Consider points R, S, and T. Which statement is true about the geometric figure that can contain these points? No line can be drawn through any pair of the points. One line can be drawn through all three points. One plane can be drawn so it contains all three points. Two planes can be drawn so that each one contains all three points.

Answer 1

Answer: The answer is (c) One plane can be drawn so that it contains all three points.

Step-by-step explanation:  We are given three points R, S and T in a coordinate plane. Considering all these three points to be distinct and non-collinear, we can draw the following conclusions.

(i) Since each pairs of points. i.e., (R,S), (S,T) and (T,R) give rise to a straight line when joined, so option (a) is incorrect.
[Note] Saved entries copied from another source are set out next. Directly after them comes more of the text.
lemma R13_a_b_sum: "f (prof R13) a + f (prof R13) b = 1"
proof -
  let ?dev = "[ac_bd, ab_c_d, ad_b_c, bd_ac]"
  have dev: "f (prof ?dev) a = f (prof R11) a" "f (prof ?dev) b = f (prof R11) c"
    "f (prof ?dev) c = f (prof R11) d" "f (prof ?dev) d = f (prof R11) b"
    by (rule prof_relabel[of R11 a c d b]; simp add: add_mset_commute)+
  have "\<forall>x\<in>{a, b, c, d}. upper_prob ab_c_d x (f (prof R13)) \<le> upper_prob ab_c_d x (f (prof ?dev))"
    using dev R11_a_c_sum prof_lottery[of R11] prof_lottery[of R13]
    by (simp add: upper_prob_expand; (intro conjI)?; linarith)
  then have "\<forall>x\<in>{a, b, c, d}.
        upper_prob ab_c_d x (f (prof ?dev)) = upper_prob ab_c_d x (f (prof R13))"
    by (rule no_sd_manipulation[where j = 0 and w = ac_bd]) simp_all
  then show ?thesis
    using dev R11_a_c_sum prof_lottery[of R11] prof_lottery[of R13]
    by (simp add: upper_prob_expand; linarith)
qed

lemma R13_a_ge: "1/2 \<le> f (prof R13) a"
proof (rule ccontr)
  assume converse: "\<not> 1/2 \<le> f (prof R13) a"
  have "\<forall>x\<in>{a, b, c, d}. upper_prob ad_b_c x (f (prof R13)) \<le> upper_prob ad_b_c x (f (prof R12))"
    using R12_b_c R13_a_b_sum prof_lottery[of R12] prof_lottery[of R13] converse
    by (simp add: upper_prob_expand; (intro conjI)?; linarith)
  then have "\<forall>x\<in>{a, b, c, d}.
        upper_prob ad_b_c x (f (prof R12)) = upper_prob ad_b_c x (f (prof R13))"
    by (rule no_sd_manipulation[where j = 2 and w = ad_bc]) simp_all
  then show False
    using R12_b_c R13_a_b_sum prof_lottery[of R12] prof_lottery[of R13] converse
    by (simp add: upper_prob_expand; linarith)
qed

lemma R14_a_c_ge: "1/2 \<le> f (prof R14) a + f (prof R14) c"
proof (rule ccontr)
  assume converse: "\<not> 1/2 \<le> f (prof R14) a + f (prof R14) c"
  have "\<forall>x\<in>{a, b, c, d}. upper_prob ac_b_d x (f (prof R14)) \<le> upper_prob ac_b_d x (f (prof R13))"
    using R13_a_ge R13_a_b_sum prof_lottery[of R13] prof_lottery[of R14] converse
    by (simp add: upper_prob_expand; (intro conjI)?; linarith)
  then have "\<forall>x\<in>{a, b, c, d}.
        upper_prob ac_b_d x (f (prof R13)) = upper_prob ac_b_d x (f (prof R14))"
    by (rule no_sd_manipulation[where j = 2 and w = ad_b_c]) simp_all
  then show False
    using R13_a_ge R13_a_b_sum prof_lottery[of R13] prof_lottery[of R14] converse
    by (simp add: upper_prob_expand; linarith)
qed

lemma R14_b_d_greater: "5/8 < f (prof R14) b + f (prof R14) d"
proof (rule ccontr)
  assume converse: "\<not> 5/8 < f (prof R14) b + f (prof R14) d"
  have "\<forall>x\<in>{a, b, c, d}. upper_prob bd_ac x (f (prof R14)) \<le> upper_prob bd_ac x (f (prof R9))"
    using R9_b_greater prof_lottery[of R9] prof_lottery[of R14] converse
    by (simp add: upper_prob_expand; (intro conjI)?; linarith)
  then have "\<forall>x\<in>{a, b, c, d}.
        upper_prob bd_ac x (f (prof R9)) = upper_prob bd_ac x (f (prof R14))"
    by (rule no_sd_manipulation[where j = 3 and w = bc_ad]) simp_all
  then show False
    using R9_b_greater prof_lottery[of R9] prof_lottery[of R14] converse
    by (simp add: upper_prob_expand; linarith)
qed

lemma impossible: False
  using R14_a_c_ge R14_b_d_greater prof_lottery(5)[of R14] by simp

end

lemma obtain_four_distinct:
  assumes "finite A" "4 \<le> card A"
  obtains a b c d where "distinct [a, b, c, d]" "{a, b, c, d} \<subseteq> A"
proof -
  obtain B where B: "B \<subseteq> A" "card B = 4" "finite B"
    using obtain_subset_with_card_n[OF assms(2)] by blast
  then obtain xs where xs: "set xs = B" "distinct xs"
    using finite_distinct_list by blast
  then have "length xs = 4"
    using B distinct_card by fastforce
  then obtain a b c d where "xs = [a, b, c, d]"
    by (auto simp: numeral_eq_Suc length_Suc_conv)
  with xs B show ?thesis
    by (intro that) auto
qed
lemma exponent_vector_lift_exponent_map:
  assumes "finite I" "exponent_map I \<phi>" "n \<in> I \<rightarrow>\<^sub>E {1..}" "prime p"
  shows "exponent_vector I p (lift_exponent_map I \<phi> n) = \<phi> (exponent_vector I p n)"
proof (rule extensionalityI)
  show "\<phi> (exponent_vector I p n) \<in> extensional I"
    using assms(2) by (simp add: exponent_map_def)
  fix i assume "i \<in> I"
  let ?S = "\<Union>j\<in>I. prime_factors (n j)"
  have "multiplicity p (lift_exponent_map I \<phi> n i) =
          multiplicity p (\<Prod>q\<in>?S. q ^ \<phi> (exponent_vector I q n) i)"
    using \<open>i \<in> I\<close> by (simp add: lift_exponent_map_def)
  also have "\<dots> = (if p \<in> ?S then \<phi> (exponent_vector I p n) i else 0)"
    using assms(1,4) by (intro multiplicity_prod_prime_powers) auto
  finally have "multiplicity p (lift_exponent_map I \<phi> n i) =
      (if p \<in> ?S then \<phi> (exponent_vector I p n) i else 0)" .
  moreover have "exponent_vector I p n = (\<lambda>i\<in>I. 0)" if "p \<notin> ?S"
    unfolding exponent_vector_def
  proof (rule restrict_ext)
    fix j assume "j \<in> I"
    then have "n j > 0" "p \<notin> prime_factors (n j)"
      using assms(3) that by (auto simp: Suc_le_eq)
    then show "multiplicity p (n j) = 0"
      using assms(4) by (auto intro: not_dvd_imp_multiplicity_0 simp: prime_factors_dvd)
  qed
  ultimately show "exponent_vector I p (lift_exponent_map I \<phi> n) i = \<phi> (exponent_vector I p n) i"
    using \<open>i \<in> I\<close> assms(2) by (auto simp: exponent_vector_def exponent_map_def)
qed (simp add: exponent_vector_def)

lemma eq_by_exponent_vectors:
  assumes "n \<in> I \<rightarrow>\<^sub>E {1..}" "m \<in> I \<rightarrow>\<^sub>E {1..}"
    and "\<And>p. prime p \<Longrightarrow> exponent_vector I p n = exponent_vector I p m"
  shows "n = m"
proof (rule extensionalityI)
  fix i assume "i \<in> I"
  show "n i = m i"
  proof (rule multiplicity_eq_nat)
    show "n i > 0" "m i > 0"
      using assms(1,2) \<open>i \<in> I\<close> by (auto simp: Suc_le_eq)
    fix p :: nat assume "prime p"
    then show "multiplicity p (n i) = multiplicity p (m i)"
      using fun_cong[OF assms(3), of p i] \<open>i \<in> I\<close> by (simp add: exponent_vector_def)
  qed
qed (use assms in \<open>auto simp: PiE_def\<close>)
(* Let $\alpha\ge 1$ and let $G=(V,E)$ be a finite connected undirected unweighted $\alpha$-almost regular graph with $n$ vertices. If $r\ge\alpha^2$, then for every $\lambda\in[0,1]$ and every nonempty initial mutant set $S_0\subseteq V$, the $\lambda$-mixed Moran process with fitness $r$ has expected absorption time $O_r(n^4)$ and fixation probability $\Omega_r(n^{-2})$; that is, there are constants $C_r,c_r>0$ depending only on $r$ (not on $G$, $n$, $\lambda$ or $S_0$) with absorption time at most $C_r n^4$ and $\mathrm{fp}^{\lambda,r}_G(S_0)\ge c_r n^{-2}$.
   Context: A graph is $\alpha$-almost regular if its maximum degree is at most $\alpha$ times its minimum degree. The $\lambda$-mixed Moran process on a connected graph $G=(V,E)$ with $n=|V|\ge 2$: each vertex hosts a resident (fitness $1$) or mutant (fitness $r>0$); the state is the mutant set $S_t\subseteq V$. Each step, independently: with probability $\lambda$ a Birth-death step (a vertex $u$ chosen with probability proportional to fitness among all vertices; a uniformly random neighbor of $u$ takes $u$'s type); with probability $1-\lambda$ a death-Birth step (a uniformly random vertex $v$ dies; a neighbor $u$ of $v$ chosen with probability proportional to fitness among the neighbors of $v$; $v$ takes $u$'s type). $\mathrm{fp}^{\lambda,r}_G(S_0)$ is the probability of reaching $S_t=V$ from $S_0$; the absorption time is the expected number of steps until $S_t\in\{\emptyset,V\}$. *)

theory Defs
  imports "HOL-Analysis.Analysis"
begin
(* Let $n,m\in\mathbb N$, $d:=\min\{n,m\}$, and $k\in\{1,\dots,d\}$. (i) For nonzero positive semidefinite $\rho\in\mathbb M_n\otimes\mathbb M_m$: $\rho\in\mathsf K_k\iff\mathrm{FSN}(\rho)\le k$. Consequently $\min\{\ell\in\{1,\dots,d\}:\rho\in\mathsf K_\ell\}=\lceil\mathrm{FSN}(\rho)\rceil$. (ii) For a Hermitian-preserving map $\Phi:\mathbb M_n\to\mathbb M_m$ with $\Phi\in\mathsf P_1$: $\Phi\in\mathsf P_k\iff\tau(\Phi)\ge k$.
   Context: For $\psi=\sum_{i,j}a_{ij}e_i\otimes f_j\in\mathbb C^n\otimes\mathbb C^m$, its Schmidt coefficients $s_1(\psi)\ge\dots\ge s_d(\psi)\ge0$ are the singular values of $[a_{ij}]$. For $\alpha\in[1,d]$ with $k'=\lfloor\alpha\rfloor$, $\theta=\alpha-k'$, $r=\lceil\alpha\rceil$, a unit vector $\psi$ is $\alpha$-admissible if $s_j(\psi)=0$ for $j\ge r+1$ and, when $\theta>0$, $s_{k'+1}(\psi)\le\frac\theta{k'}\sum_{j=1}^{k'}s_j(\psi)$; $\mathcal V_\alpha$ is the set of these. $\mathsf K_\alpha$ is the closure of the convex cone generated by $\{\psi\psi^\ast:\psi\in\mathcal V_\alpha\}$. The Choi matrix is $C_\Phi=\sum_{i,j}E_{ij}\otimes\Phi(E_{ij})$, and a Hermitian-preserving $\Phi$ is in $\mathsf P_\alpha$ if $\langle\psi,C_\Phi\psi\rangle\ge0$ for all $\psi\in\mathcal V_\alpha$. $\mathrm{FSN}(\rho):=\inf\{\alpha\in[1,d]:\rho\in\mathsf K_\alpha\}$ for nonzero positive semidefinite $\rho$, and $\tau(\Phi):=\sup\{\alpha\in[1,d]:\Phi\in\mathsf P_\alpha\}$ for Hermitian-preserving $\Phi\in\mathsf P_1$. *)

theory Defs
  imports "Jordan_Normal_Form.Char_Poly"
begin

text \<open>The space C^n (x) C^m is represented by complex vectors of dimension n*m,
  the basis vector e_i (x) f_j (i < n, j < m) having index i*m + j (Kronecker convention).\<close>

definition cadj :: "complex mat \<Rightarrow> complex mat" where
  "cadj A = mat (dim_col A) (dim_row A) (\<lambda>(i,j). cnj (A $$ (j,i)))"

definition coeff_mat :: "nat \<Rightarrow> nat \<Rightarrow> complex vec \<Rightarrow> complex mat" where
  "coeff_mat n m \<psi> = mat n m (\<lambda>(i,j). \<psi> $ (i * m + j))"

text \<open>The list has length n; the first min n m entries
  are the singular values s_1 >= ... >= s_d (the remaining ones are zero).\<close>
definition sing_vals :: "complex mat \<Rightarrow> real list" where
  "sing_vals A = (SOME s. length s = dim_row A \<and> sorted_wrt (\<ge>) s \<and> (\<forall>x\<in>set s. 0 \<le> x) \<and>
      char_poly (A * cadj A) = (\<Prod>x\<leftarrow>s. [:- complex_of_real (x\<^sup>2), 1:]))"

definition schmidt :: "nat \<Rightarrow> nat \<Rightarrow> complex vec \<Rightarrow> nat \<Rightarrow> real" where
  "schmidt n m \<psi> j = sing_vals (coeff_mat n m \<psi>) ! (j - 1)"

definition unit_vec :: "nat \<Rightarrow> complex vec \<Rightarrow> bool" where
  "unit_vec N \<psi> \<longleftrightarrow> \<psi> \<in> carrier_vec N \<and> (\<Sum>x<N. (cmod (\<psi> $ x))\<^sup>2) = 1"

definition admissible :: "nat \<Rightarrow> nat \<Rightarrow> real \<Rightarrow> complex vec set" where
  "admissible n m \<alpha> = {\<psi>. unit_vec (n * m) \<psi> \<and>
     (let k' = nat \<lfloor>\<alpha>\<rfloor>; \<theta> = \<alpha> - real k'; r = nat \<lceil>\<alpha>\<rceil> in
       (\<forall>j. r + 1 \<le> j \<and> j \<le> min n m \<longrightarrow> schmidt n m \<psi> j = 0) \<and>
       (\<theta> > 0 \<longrightarrow> schmidt n m \<psi> (k' + 1) \<le> \<theta> / real k' * (\<Sum>j=1..k'. schmidt n m \<psi> j)))}"

definition outer :: "complex vec \<Rightarrow> complex mat" where
  "outer \<psi> = mat (dim_vec \<psi>) (dim_vec \<psi>) (\<lambda>(x,y). \<psi> $ x * cnj (\<psi> $ y))"

definition cone_gen :: "nat \<Rightarrow> nat \<Rightarrow> real \<Rightarrow> complex mat set" where
  "cone_gen n m \<alpha> = {\<rho>. \<exists>(N::nat) (c::nat \<Rightarrow> real) (\<psi>::nat \<Rightarrow> complex vec).
      (\<forall>i<N. 0 \<le> c i \<and> \<psi> i \<in> admissible n m \<alpha>) \<and>
      \<rho> = mat (n * m) (n * m) (\<lambda>(x,y). \<Sum>i<N. complex_of_real (c i) * outer (\<psi> i) $$ (x,y))}"

text \<open>Topological closure in the space of (n*m) x (n*m) complex matrices (any norm; we use
  the entrywise maximum modulus).\<close>
definition mat_closure :: "nat \<Rightarrow> complex mat set \<Rightarrow> complex mat set" where
  "mat_closure N S = {\<rho>. \<rho> \<in> carrier_mat N N \<and>
      (\<forall>\<epsilon>>0. \<exists>\<sigma>\<in>S. \<forall>x<N. \<forall>y<N. cmod (\<rho> $$ (x,y) - \<sigma> $$ (x,y)) < \<epsilon>)}"

definition K_cone :: "nat \<Rightarrow> nat \<Rightarrow> real \<Rightarrow> complex mat set" where
  "K_cone n m \<alpha> = mat_closure (n * m) (cone_gen n m \<alpha>)"

definition qform :: "complex mat \<Rightarrow> complex vec \<Rightarrow> complex" where
  "qform C \<psi> = (\<Sum>x<dim_vec \<psi>. \<Sum>y<dim_vec \<psi>. cnj (\<psi> $ x) * C $$ (x,y) * \<psi> $ y)"

definition nonneg_real :: "complex \<Rightarrow> bool" where
  "nonneg_real z \<longleftrightarrow> Im z = 0 \<and> 0 \<le> Re z"

definition psd :: "nat \<Rightarrow> complex mat \<Rightarrow> bool" where
  "psd N \<rho> \<longleftrightarrow> \<rho> \<in> carrier_mat N N \<and> (\<forall>v\<in>carrier_vec N. nonneg_real (qform \<rho> v))"

definition FSN :: "nat \<Rightarrow> nat \<Rightarrow> complex mat \<Rightarrow> real" where
  "FSN n m \<rho> = Inf {\<alpha>. 1 \<le> \<alpha> \<and> \<alpha> \<le> real (min n m) \<and> \<rho> \<in> K_cone n m \<alpha>}"

definition mat_unit :: "nat \<Rightarrow> nat \<Rightarrow> nat \<Rightarrow> complex mat" where
  "mat_unit n i j = mat n n (\<lambda>(a,b). if a = i \<and> b = j then 1 else 0)"

text \<open>Choi matrix C_Phi = sum_{i,j} E_ij (x) Phi(E_ij).\<close>
definition choi :: "nat \<Rightarrow> nat \<Rightarrow> (complex mat \<Rightarrow> complex mat) \<Rightarrow> complex mat" where
  "choi n m \<Phi> = mat (n * m) (n * m)
     (\<lambda>(x,y). \<Phi> (mat_unit n (x div m) (y div m)) $$ (x mod m, y mod m))"

definition herm_pres :: "nat \<Rightarrow> nat \<Rightarrow> (complex mat \<Rightarrow> complex mat) \<Rightarrow> bool" where
  "herm_pres n m \<Phi> \<longleftrightarrow>
     (\<forall>A\<in>carrier_mat n n. \<Phi> A \<in> carrier_mat m m) \<and>
     (\<forall>A\<in>carrier_mat n n. \<forall>B\<in>carrier_mat n n. \<Phi> (A + B) = \<Phi> A + \<Phi> B) \<and>
     (\<forall>A\<in>carrier_mat n n. \<forall>c::complex. \<Phi> (c \<cdot>\<^sub>m A) = c \<cdot>\<^sub>m \<Phi> A) \<and>
     (\<forall>A\<in>carrier_mat n n. \<Phi> (cadj A) = cadj (\<Phi> A))"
(ii) Through any two given points, we can always draw a line. If we consider a third point and since we are dealing with non-collinear points, so one line cannot be drawn through three points.

(iii)We can always draw a line by joining two points and when we join the two ends of the line to a third point which does not lie on the line, it will give rise to a plane. So, option (c) is correct.

(iv) We cannot draw two different planes through three given points. If we do so, the new plane will coincide with the previous one. This proves that option (d) is not correct.

Please see the attached figure, where P, Q and R are three non-collinear points. They give rise to a plane.

Thus, the correct option is (c).

Answer 2

Hello,

c- one plane can be drawn so it contains all three points.
(i just took this on a mastery test)